Another fairly suspect word is "analysis." To analyze implies the idea that to understand something you need first to divide it, i.e., to cut it up into tiny parts with the hope that with a bit of luck you can later reconstruct it and better understand how it works. The image and metaphor this process evokes, because this is where it comes from, is that of the white-coated scientist in a laboratory mixing liquids or possibly doing a vivisection. Although it could be an effective method for treating inert material it is, however, not a highly recommendable procedure to practice on living beings, who, once separated into smaller parts, may possibly refuse to be revived.

But is this a good model for exploring the clues of human behavior? Let me suggest some reasonable doubts.

Maybe the clearest example of the traditional analytical thought in market research is the evaluation of a product from a list of attributes. The idea is to develop the product which scores best in the attributes that the consumer attaches the most weight or importance to, assuming that in this way it will "logically" be of the highest success. But surprisingly this is not necessarily so.

Consumers opt for the competitor hotel because they put a "free teddy bear on my bed" or stop buying the new model of a prestigious car because the shape of it from behind reminds them "of a minivan." Consumer decisions are increasingly linked to small, apparently insignificant details and to the harmony of the offer as a whole. A research approach based on rational, analytical and lineal logic is currently blind to both.

If we change the paradigm of "analysis" to "comprehension" - which implies covering and integrating information instead of separating it, this immediately gives rise to another type of questions and another type of findings. Test it out. 

A victim and a prisoner

A final example to consider for this article is the idea of the "consumer." The consumer is "the king" but could be also a victim and a prisoner of his own protocol. We are struggling to create products and services to satisfy his needs, but once defined and classified as a consumer of such and such type or brand, his freedom is over.

I once attended a perfect demonstration of this captive king metaphor during a conference about customer relationship management. The speaker presented a giant screen image of an overcrowded swimming pool in Japan and asked the audience how many types of "pool consumers" they could find there. He triumphantly explained that there were four: those in the water, i.e., those who liked the water, those who were sunbathing on the grass and liked the sun, those who were in the shade and preferred feeling fresher and the hungry ones who were in a queue buying food.
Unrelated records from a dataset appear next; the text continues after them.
definition is_problem_decomposition ::
  "nat set \<Rightarrow> (nat \<Rightarrow> 'x::ab_group_add set) \<Rightarrow> ('x \<Rightarrow> 'x) \<Rightarrow> ('u::ab_group_add \<Rightarrow> 'x) \<Rightarrow> ('x \<Rightarrow> real) \<Rightarrow> real \<Rightarrow> bool" where
  "is_problem_decomposition I Xs A B g \<alpha> \<longleftrightarrow>
     (\<forall>x. optcost A B UNIV g \<alpha> x = (\<Sum>i\<in>I. optcost A B (Eset B (Xs i)) g \<alpha> (proj I Xs i x))
        \<and> (\<forall>ubar. (\<forall>i\<in>I. is_optimal A B (Eset B (Xs i)) g \<alpha> (proj I Xs i x) (ubar i))
                 \<longrightarrow> is_optimal A B UNIV g \<alpha> x (\<lambda>t. \<Sum>i\<in>I. ubar i t)))"

end

theory Submission
  imports Defs
begin

(* Since A is additive and every summand X_i is A-invariant, the
   trajectory generated by a summed initial state and summed inputs with
   components u_i in E_i is the sum of the component trajectories, each of which
   stays in X_i.  Separability of g then splits the cost:
     J(sum_i x_i, sum_i u_i) = sum_i J_i(x_i, u_i).                       (S)
   Summing optimal subproblem policies therefore always gives
   J*(x) <= sum_i J_i*(rho_i x), with equality attained by that summed policy.
   Conversely, if some optimal policy for x takes values in the direct sum of
   the E_i, (S) applied to it gives J*(x) >= sum_i J_i*(rho_i x).  Hence the
   cost identity of Definition 1 holds exactly when optimal policies can be
   found in (+)_i E_i, and then every sum of optimal subpolicies is optimal. *)

definition input_sum :: "nat set \<Rightarrow> (nat \<Rightarrow> 'x set) \<Rightarrow> ('u::ab_group_add \<Rightarrow> 'x) \<Rightarrow> 'u set" where
  "input_sum I Xs B = {v. \<exists>e. (\<forall>i\<in>I. e i \<in> Eset B (Xs i)) \<and> v = (\<Sum>i\<in>I. e i)}"
lemma union_bound_le:
  fixes n q T :: real
  assumes n: "1 \<le> n" "n \<le> (real d + 1) ^ D" and q: "2 \<le> q"
    and T: "(2 * ln (real d + 1) + ln 2 + ln q) * real (k + D) \<le> a * T + a"
  shows "n * q ^ k * (exp (- (a * T)) * 2 ^ D) \<le> exp a / n"
proof -
  have e1: "(real d + 1) ^ D = exp (real D * ln (real d + 1))" by (simp add: exp_of_nat_mult)
  have e2: "q ^ k = exp (real k * ln q)" using q by (simp add: exp_of_nat_mult)
  have e3: "(2::real) ^ D = exp (real D * ln 2)" by (simp add: exp_of_nat_mult)
  have "n * q ^ k * (exp (- (a * T)) * 2 ^ D) * n = (n * n) * q ^ k * exp (- (a * T)) * 2 ^ D"
    by (simp add: mult_ac)
  also have "\<dots> \<le> ((real d + 1) ^ D * (real d + 1) ^ D) * q ^ k * exp (- (a * T)) * 2 ^ D"
    using n q by (intro mult_right_mono mult_mono) auto
  also have "\<dots> = exp (real D * ln (real d + 1)) * exp (real D * ln (real d + 1)) * exp (real k * ln q)
      * exp (- (a * T)) * exp (real D * ln 2)"
    by (simp only: e1 e2 e3)
  also have "\<dots> = exp (2 * real D * ln (real d + 1) + real k * ln q + real D * ln 2 - a * T)"
    by (simp add: exp_add[symmetric] algebra_simps)
  also have "\<dots> \<le> exp a"
  proof -
    have "0 \<le> real D * ln q" "0 \<le> real k * ln 2" "0 \<le> real k * (2 * ln (1 + real d))" using q by auto
    then show ?thesis using T by (simp add: algebra_simps, linarith)
  qed
  finally show ?thesis using n by (simp add: field_simps)
qed

lemma (in gossip_progress) prob_traj_all_done_ge:
  assumes G: "simple_graph V E" and C: "connected_graph V E" and Vne: "V \<noteq> {}"
    and loc: "\<forall>i<k. loc i \<in> V" and deg: "max_degree V E \<le> d"
    and T: "upper_const d CARD('f) * real (k + diameter V E) - 1 \<le> T"
    and m: "rate d * T \<le> p / 2 * real m"
  shows "1 - exp (rate d) / real (card V)
           \<le> measure_pmf.prob (traj step (init_state loc k) m) {xs. \<exists>i<length xs. all_done V k (xs ! i)}"
proof -
  let ?P = "measure_pmf.prob (iter_pmf step (init_state loc k) m) {s. \<not> all_done V k s}"
  let ?n = "real (card V)" and ?D = "diameter V E" and ?q = "real CARD('f)"
  obtain x where x: "x \<in> V" using Vne by blast
  have "card V \<le> (d + 1) ^ ?D" by (rule card_le_pow_diameter[OF G C x deg])
  then have "?n \<le> real ((d + 1) ^ ?D)" by (simp only: of_nat_le_iff)
  moreover have "0 < card V" using x simple_graph_finite[OF G] by (auto simp: card_gt_0_iff)
  ultimately have n: "1 \<le> ?n" "?n \<le> (real d + 1) ^ ?D" by (simp_all add: add.commute)
  have "(1 - p / 2) ^ m \<le> exp (- (p / 2)) ^ m"
    using p exp_ge_add_one_self[of "- (p / 2)"] by (intro power_mono) auto
  also have "\<dots> = exp (real m * - (p / 2))" by (rule exp_of_nat_mult[symmetric])
  also have "\<dots> \<le> exp (- (rate d * T))" using m by (simp add: mult.commute)
  finally have "?n * ?q ^ k * ((1 - p / 2) ^ m * 2 ^ ?D) \<le> ?n * ?q ^ k * (exp (- (rate d * T)) * 2 ^ ?D)"
    by (intro mult_left_mono mult_right_mono) auto
  then have "?P \<le> ?n * ?q ^ k * (exp (- (rate d * T)) * 2 ^ ?D)"
    using prob_not_all_done_le[OF G C loc, of m] by linarith
  also have "\<dots> \<le> exp (rate d) / ?n"
  proof (rule union_bound_le[OF n])
    show "2 \<le> ?q" using two_le_card_field[where 'f='f] by simp
    have "(2 * ln (real d + 1) + ln 2 + ln ?q) * real (k + ?D)
        = rate d * (upper_const d CARD('f) * real (k + ?D))"
      using rate_pos[of d] by (simp add: upper_const_def)
    also have "\<dots> \<le> rate d * (T + 1)" using T rate_pos[of d] by (intro mult_left_mono) auto
    finally show "(2 * ln (real d + 1) + ln 2 + ln ?q) * real (k + ?D) \<le> rate d * T + rate d"
      by (simp add: algebra_simps)
  qed
  finally show ?thesis using prob_traj_reaches_ge[of step "init_state loc k" m "all_done V k"] by linarith
qed

section \<open>Lower bound on the stopping time\<close>

definition round_inv :: "(nat \<Rightarrow> nat \<Rightarrow> bool) \<Rightarrow> nat \<Rightarrow> (nat \<Rightarrow> nat) \<Rightarrow> nat \<Rightarrow> nat \<Rightarrow> 'f::field gstate \<Rightarrow> bool" where
  "round_inv E k loc d i s \<longleftrightarrow> valid_state k s \<and>
     (\<forall>v. length (s v) \<le> length (init_state loc k v :: 'f eqn list) + i * (d + 1)) \<and>
     (\<forall>v. \<forall>w\<in>set (s v). \<forall>j<k. w j \<noteq> 0 \<longrightarrow> reach E (loc j) v i)"

lemma round_inv_init: "round_inv E k loc d 0 (init_state loc k :: 'f::field gstate)"
  unfolding round_inv_def
proof (intro conjI)
  show "\<forall>v. \<forall>w\<in>set (init_state loc k v :: 'f eqn list). \<forall>j<k. w j \<noteq> 0 \<longrightarrow> reach E (loc j) v 0"
    by (auto simp: init_state_def unit_eqn_def reach_0_iff split: if_splits)
qed (simp_all add: valid_state_init)

lemma length_sync_round_le:
  assumes G: "simple_graph V E" and deg: "max_degree V E \<le> d"
    and s': "s' \<in> set_pmf (sync_round V E s)"
  shows "length (s' v) \<le> length (s v) + (d + 1)"
  using s'
proof (cases rule: set_pmf_sync_round)
  case (1 p ms)
  then show ?thesis
    using length_deliver_le[of s ms v] length_filter_draw_msgs[OF 1(2), of v]
      length_filter_round_pairs_le[OF G 1(1) deg, of v] by simp
qed

lemma nonzero_coord_sync_round:
  fixes s :: "'f::{field,finite} gstate"
  assumes G: "simple_graph V E" and s': "s' \<in> set_pmf (sync_round V E s)"
    and w: "w \<in> set (s' v)" "w j \<noteq> 0"
  shows "(\<exists>w'\<in>set (s v). w' j \<noteq> 0) \<or> (\<exists>a. E a v \<and> (\<exists>w'\<in>set (s a). w' j \<noteq> 0))"
  using s'
proof (cases rule: set_pmf_sync_round)
  case (1 p ms)
  have "w \<in> set (s v) \<or> (v, w) \<in> set ms" using set_deliver_subset[of s ms v] w(1) 1(3) by auto
  moreover have "\<exists>a. E a v \<and> (\<exists>w'\<in>set (s a). w' j \<noteq> 0)" if vw: "(v, w) \<in> set ms"
  proof -
    obtain a where a: "(a, v) \<in> set (round_pairs V E p)" "w \<in> set_pmf (rand_comb (s a))"
      using draw_msgs_sender[OF 1(2) vw] .
    then obtain cs where "w = lincomb cs (s a)" by (auto simp: set_pmf_rand_comb)
    then show ?thesis using lincomb_nonzero_coord w(2) round_pairs_edge[OF G 1(1) a(1)] by blast
  qed
  ultimately show ?thesis using w(2) by blast
qed

lemma round_inv_sync_round:
  fixes s :: "'f::{field,finite} gstate"
  assumes G: "simple_graph V E" and deg: "max_degree V E \<le> d"
    and inv: "round_inv E k loc d i s" and s': "s' \<in> set_pmf (sync_round V E s)"
  shows "round_inv E k loc d (Suc i) s'"
  unfolding round_inv_def
proof (intro conjI allI ballI impI)
  show "valid_state k s'" using valid_state_sync_round inv s' by (auto simp: round_inv_def)
  show "length (s' v) \<le> length (init_state loc k v :: 'f eqn list) + Suc i * (d + 1)" for v
  proof -
    have "length (s v) \<le> length (init_state loc k v :: 'f eqn list) + i * (d + 1)"
      using inv by (simp add: round_inv_def)
    then show ?thesis using length_sync_round_le[OF G deg s', of v] by simp
  qed
  show "reach E (loc j) v (Suc i)" if w: "w \<in> set (s' v)" "j < k" "w j \<noteq> 0" for v w j
  proof -
    have R: "reach E (loc j) u i" if "w' \<in> set (s u)" "w' j \<noteq> 0" for u w'
      using inv that \<open>j < k\<close> by (auto simp: round_inv_def)
    consider (here) w' where "w' \<in> set (s v)" "w' j \<noteq> 0"
      | (nbr) a w' where "E a v" "w' \<in> set (s a)" "w' j \<noteq> 0"
      using nonzero_coord_sync_round[OF G s' w(1,3)] by blast
    then show ?thesis
    proof cases
      case here then show ?thesis using reach_mono[OF R[OF here]] by simp
    next
      case nbr show ?thesis by (rule reach_step[OF R[OF nbr(2,3)] nbr(1)])
    qed
  qed
qed

text \<open>Two distinct nodes share the k initial messages, so one of them starts with at most k/2.\<close>
lemma not_all_done_if_few_received:
  assumes V: "finite V" "2 \<le> card V"
    and len: "\<forall>v. length (s v) \<le> length (init_state loc k v :: 'f::field eqn list) + r"
    and r: "2 * r < k"
  shows "\<not> all_done V k s"
proof
  assume "all_done V k s"
  obtain a b where ab: "a \<in> V" "b \<in> V" "a \<noteq> b"
    using V card_le_Suc0_iff_eq[OF V(1)] by fastforce
  have "length (filter (\<lambda>i. loc i = a) [0..<k]) + length (filter (\<lambda>i. loc i = b) [0..<k]) \<le> k"
    using ab(3) by (induction k) auto
  then have "length (s a) + length (s b) < 2 * k"
    using len[rule_format, of a] len[rule_format, of b] r by (simp add: init_state_def)
  then show False using \<open>all_done V k s\<close> ab by (simp add: all_done_def)
qed

text \<open>Equations at a node farther than i from the origin of x_0 do not involve x_0.\<close>
lemma not_all_done_if_far:
  fixes s :: "'f::{field,finite} gstate"
  assumes G: "simple_graph V E" and C: "connected_graph V E" and V: "V \<noteq> {}"
    and k: "0 < k" "loc 0 \<in> V" and inv: "round_inv E k loc d i s" and i: "2 * i < diameter V E"
  shows "\<not> all_done V k s"
proof
  assume "all_done V k s"
  obtain x y where xy: "x \<in> V" "y \<in> V" "gdist E x y = diameter V E"
    using diameter_attained[OF simple_graph_finite[OF G] V] .
  have "diameter V E \<le> gdist E (loc 0) x + gdist E (loc 0) y"
    using gdist_triangle[OF C xy(1,2) k(2)] gdist_sym_le[OF G C k(2) xy(1)] xy(3) by simp
  then have "i < gdist E (loc 0) x \<or> i < gdist E (loc 0) y" using i by linarith
  then obtain v where v: "v \<in> V" "i < gdist E (loc 0) v" using xy(1,2) by blast
  then have "\<not> reach E (loc 0) v i" using gdist_le_if_reach by fastforce
  then have "set (s v) \<subseteq> supported_on ({..<k} - {0})"
    using inv k(1) by (force simp: round_inv_def valid_state_def supported_on_def)
  moreover have "lin_indep (s v)" using inv by (simp add: round_inv_def valid_state_def)
  ultimately have "length (s v) \<le> card ({..<k} - {0})" by (intro length_le_card_if_lin_indep) auto
  then show False using \<open>all_done V k s\<close> v k(1) by (simp add: all_done_def)
qed

lemma not_all_done_sync_traj:
  fixes s0 :: "'f::{field,finite} gstate"
  assumes G: "simple_graph V E" and C: "connected_graph V E" and n: "2 \<le> card V"
    and k: "1 \<le> k" and loc: "\<forall>i<k. loc i \<in> V" and deg: "max_degree V E \<le> d"
    and xs: "xs \<in> set_pmf (traj (sync_round V E) (init_state loc k) m)" and i: "i < length xs"
    and early: "real i < rate d * real (k + diameter V E)"
  shows "\<not> all_done V k (xs ! i)"
proof -
  have inv: "round_inv E k loc d i (xs ! i)"
    using traj_nth_invariant[where P="round_inv E k loc d", OF round_inv_init _ xs i]
      round_inv_sync_round[OF G deg] by blast
  have "real i * 4 + real d * (real i * 4) < real k + real (diameter V E)"
    using early by (simp add: rate_def field_simps)
  moreover have "0 \<le> real d * real i" by simp
  ultimately have "real (2 * i * (d + 1)) < k \<or> real (2 * i) < diameter V E"
    by (simp add: algebra_simps, linarith)
  then show ?thesis
  proof
    assume "real (2 * i * (d + 1)) < k"
    then have "2 * (i * (d + 1)) < k" by (simp only: of_nat_less_iff mult.assoc)
    then show ?thesis using inv n simple_graph_finite[OF G]
      by (intro not_all_done_if_few_received[where r="i * (d + 1)"]) (auto simp: round_inv_def)
  next
    assume "real (2 * i) < diameter V E"
    then show ?thesis using inv n k loc by (intro not_all_done_if_far[OF G C]) auto
  qed
qed

lemma real_nat_floor_ge: "0 \<le> x \<Longrightarrow> x - 1 \<le> real (nat \<lfloor>x\<rfloor>)"
proof -
  assume "0 \<le> x"
  then have "real (nat \<lfloor>x\<rfloor>) = real_of_int \<lfloor>x\<rfloor>" by simp
  then show ?thesis by linarith
qed

lemma rate_le: "1 / 2 \<le> x \<Longrightarrow> rate d \<le> x / (real d + 1) / 2"
proof -
  assume "1 / 2 \<le> x"
  have "rate d = 1 / 2 / (real d + 1) / 2" by (simp add: rate_def)
  also have "\<dots> \<le> x / (real d + 1) / 2" using \<open>1 / 2 \<le> x\<close> by (intro divide_right_mono) auto
  finally show ?thesis .
qed

lemma card_nbrs_pos_le:
  assumes G: "simple_graph V E" and ab: "E a b" and deg: "max_degree V E \<le> d"
  shows "0 < card (nbrs V E a)" "card (nbrs V E a) \<le> d"
  using mem_nbrs[OF G ab] finite_nbrs[OF G] by (auto simp: card_gt_0_iff)
    (use card_nbrs_le_max_degree[OF G] simple_graph_edge_in[OF G ab] deg in fastforce)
Each one of these groups would have unique and specific needs and the marketing aim was, naturally, to provide what each one desired and needed. The example seemed convincing save for the tiny detail that this was a static image. If it had been a film, not a photo, it would most probably entail that those who had been sunbathing, fed up with so much heat, had gone into the pool, those who were in the shade had moved into the sun and those who had been in the queue with their hot dogs had moved into the shade.

The world, as Vodafone says, is mobile and if we insist on fitting it into static boxes, it is highly likely that the king will escape us and go to other kingdoms.

Stretching the limits

I just wish to add that these few examples could be extended to many more, which I am sure will be occurring to you right now. Revising and reconstructing language and its metaphors is not strictly speaking a method or a formula, but an attitude. Each one of us can do the exercise of stretching the limits of our language in our own way and in accordance with our own rules. Changing words to change perceptions is mostly a DIY tool for our own personal usage, one which could lead to a competitive advantage in the form of more creative, insightful analyses of research findings. Because, at the end of the day, as the person on the safari said to his companion: "I know I can't run faster than the lion, but what I'm really worried about is whether I can run faster than you."